Certain passages in Liber Legis are hard, but as I understand them they in no wise are intended to glorify mere bullying or rapacity. The evident purpose is to produce a fitter and more virile race by the mercy of stamping out the unfit to live. We have come to the pass that everything possible is done to keep alive the most unfit, and nothing to improve conditions for the fit. I cannot walk down the Bridges without seeing scores of poor wretches whom it would be kindness and mercy to send painlessly out of existence.

     

Take my own case, I agree that it would have been the kinder thing to have let me die after the disease had done its work. Life had been good on the whole, and the latter part of it worth having lived for, but that does not follow in every case. Alas one cannot help feeling that it would be nothing to weep for if most parts of London were and our big cities were levelled to the ground never to rise again under such inhuman conditions.
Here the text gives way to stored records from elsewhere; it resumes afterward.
(* Let $F:\mathbb{R}^n\rightrightarrows\mathbb{R}^n$ be continuous with $F(x)$ nonempty, compact and convex for all $x$, and consider $\Sigma:\dot x\in F(x)$. Let $O\subset\mathbb{R}^n$ be open and $B:\mathbb{R}^n\to\mathbb{R}$ continuously differentiable. If along each (not necessarily maximal) solution $\phi$ of $\Sigma$ with $\phi(\mathrm{dom}\,\phi)\subset O$ the map $t\mapsto B(\phi(t))$ is nonincreasing, then $$\langle\nabla B(x),\eta\rangle\le0\qquad\forall\eta\in F(x),\ \forall x\in O.$$
   Context: Continuity of a set-valued map means upper and lower semicontinuity. A solution of $\Sigma$ is a locally absolutely continuous function $\phi$ on an interval containing $0$ with $\dot\phi(t)\in F(\phi(t))$ for almost all $t\in\mathrm{dom}\,\phi$. *)

theory Defs
  imports "HOL-Analysis.Analysis"
begin

definition absolutely_continuous_on :: "real set \<Rightarrow> (real \<Rightarrow> 'a::real_normed_vector) \<Rightarrow> bool" where
  "absolutely_continuous_on S f \<longleftrightarrow>
     (\<forall>e>0. \<exists>d>0. \<forall>D. finite D \<and> (\<forall>(u,v)\<in>D. u \<le> v \<and> {u..v} \<subseteq> S) \<and>
        (\<forall>p\<in>D. \<forall>q\<in>D. p \<noteq> q \<longrightarrow> {fst p<..<snd p} \<inter> {fst q<..<snd q} = {}) \<and>
        (\<Sum>(u,v)\<in>D. v - u) < d
        \<longrightarrow> (\<Sum>(u,v)\<in>D. norm (f v - f u)) < e)"

definition locally_absolutely_continuous_on :: "real set \<Rightarrow> (real \<Rightarrow> 'a::real_normed_vector) \<Rightarrow> bool" where
  "locally_absolutely_continuous_on I f \<longleftrightarrow>
     (\<forall>a b. {a..b} \<subseteq> I \<longrightarrow> absolutely_continuous_on {a..b} f)"

definition upper_semicontinuous_map :: "('a::metric_space \<Rightarrow> 'b::topological_space set) \<Rightarrow> bool" where
  "upper_semicontinuous_map F \<longleftrightarrow>
     (\<forall>x U. open U \<and> F x \<subseteq> U \<longrightarrow> (\<exists>d>0. \<forall>y. dist y x < d \<longrightarrow> F y \<subseteq> U))"

definition lower_semicontinuous_map :: "('a::metric_space \<Rightarrow> 'b::topological_space set) \<Rightarrow> bool" where
  "lower_semicontinuous_map F \<longleftrightarrow>
     (\<forall>x U. open U \<and> F x \<inter> U \<noteq> {} \<longrightarrow> (\<exists>d>0. \<forall>y. dist y x < d \<longrightarrow> F y \<inter> U \<noteq> {}))"

definition continuous_set_valued_map :: "('a::metric_space \<Rightarrow> 'b::topological_space set) \<Rightarrow> bool" where
  "continuous_set_valued_map F \<longleftrightarrow> upper_semicontinuous_map F \<and> lower_semicontinuous_map F"

definition is_solution :: "('a::euclidean_space \<Rightarrow> 'a set) \<Rightarrow> real set \<Rightarrow> (real \<Rightarrow> 'a) \<Rightarrow> bool" where
  "is_solution F I \<phi> \<longleftrightarrow>
     is_interval I \<and> 0 \<in> I \<and> locally_absolutely_continuous_on I \<phi> \<and>
     (AE t in lebesgue. t \<in> I \<longrightarrow> (\<exists>v. (\<phi> has_vector_derivative v) (at t) \<and> v \<in> F (\<phi> t)))"

end

theory Submission
  imports Defs "HOL-Complex_Analysis.Great_Picard"
begin

text \<open>Suppose \<open>\<nabla>B(x) \<cdot> \<eta> > 0\<close> for some \<open>x \<in> O\<close> and \<open>\<eta> \<in> F(x)\<close>. Projecting \<open>\<eta>\<close> onto the
  closed convex sets \<open>F(y)\<close> gives a continuous selection \<open>s\<close> of \<open>F\<close> with \<open>s(x) = \<eta>\<close>, so
  \<open>\<nabla>B \<cdot> s > 0\<close> on a ball around \<open>x\<close> inside \<open>O\<close>. By Peano's theorem the ODE \<open>\<dot>y = s(y)\<close>
  has a solution starting at \<open>x\<close> and staying in that ball for a short time; it solves the
  inclusion, and \<open>B\<close> strictly increases along it.\<close>

section \<open>Euler polygons\<close>

definition ramp :: "real \<Rightarrow> real \<Rightarrow> real \<Rightarrow> real" where
  "ramp h a t = max 0 (min h (t - a))"

definition euler_node :: "('a::real_vector \<Rightarrow> 'a) \<Rightarrow> real \<Rightarrow> 'a \<Rightarrow> nat \<Rightarrow> 'a" where
  "euler_node f h x j = ((\<lambda>z. z + h *\<^sub>R f z) ^^ j) x"

text \<open>\<open>ramp h (i * h) t\<close> is the time spent on the \<open>i\<close>-th step up to time \<open>t\<close>, so
  \<open>euler_polygon f h N x\<close> interpolates the Euler nodes linearly on \<open>[0, N h]\<close>.\<close>
definition euler_polygon :: "('a::real_vector \<Rightarrow> 'a) \<Rightarrow> real \<Rightarrow> nat \<Rightarrow> 'a \<Rightarrow> real \<Rightarrow> 'a" where
  "euler_polygon f h N x t = x + (\<Sum>i<N. ramp h (real i * h) t *\<^sub>R f (euler_node f h x i))"

lemma ramp_mono: "s \<le> t \<Longrightarrow> ramp h a s \<le> ramp h a t"
  by (auto simp: ramp_def)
But dear god don't let the dogs of Prussians be the minsters of this—a few good honest cut-throats of Montenegrine would be preferable.

     

One comfort is that whatever happens we have put up a good (and fair) fight to begin with, and even the Government has for the most part shown good sense and there has been less (or no) muddling through.

     

The disquieting thing is the apathy shown about ending the war swiftly by every man rising as one—there's a pitiful spectacle at Parkside, a big room of young fellows (a few of whom have been trained) content to sit docketting tickets, when they might at least be living a manly out-of-door life, and no concern about bread. All is not well with a nation like that.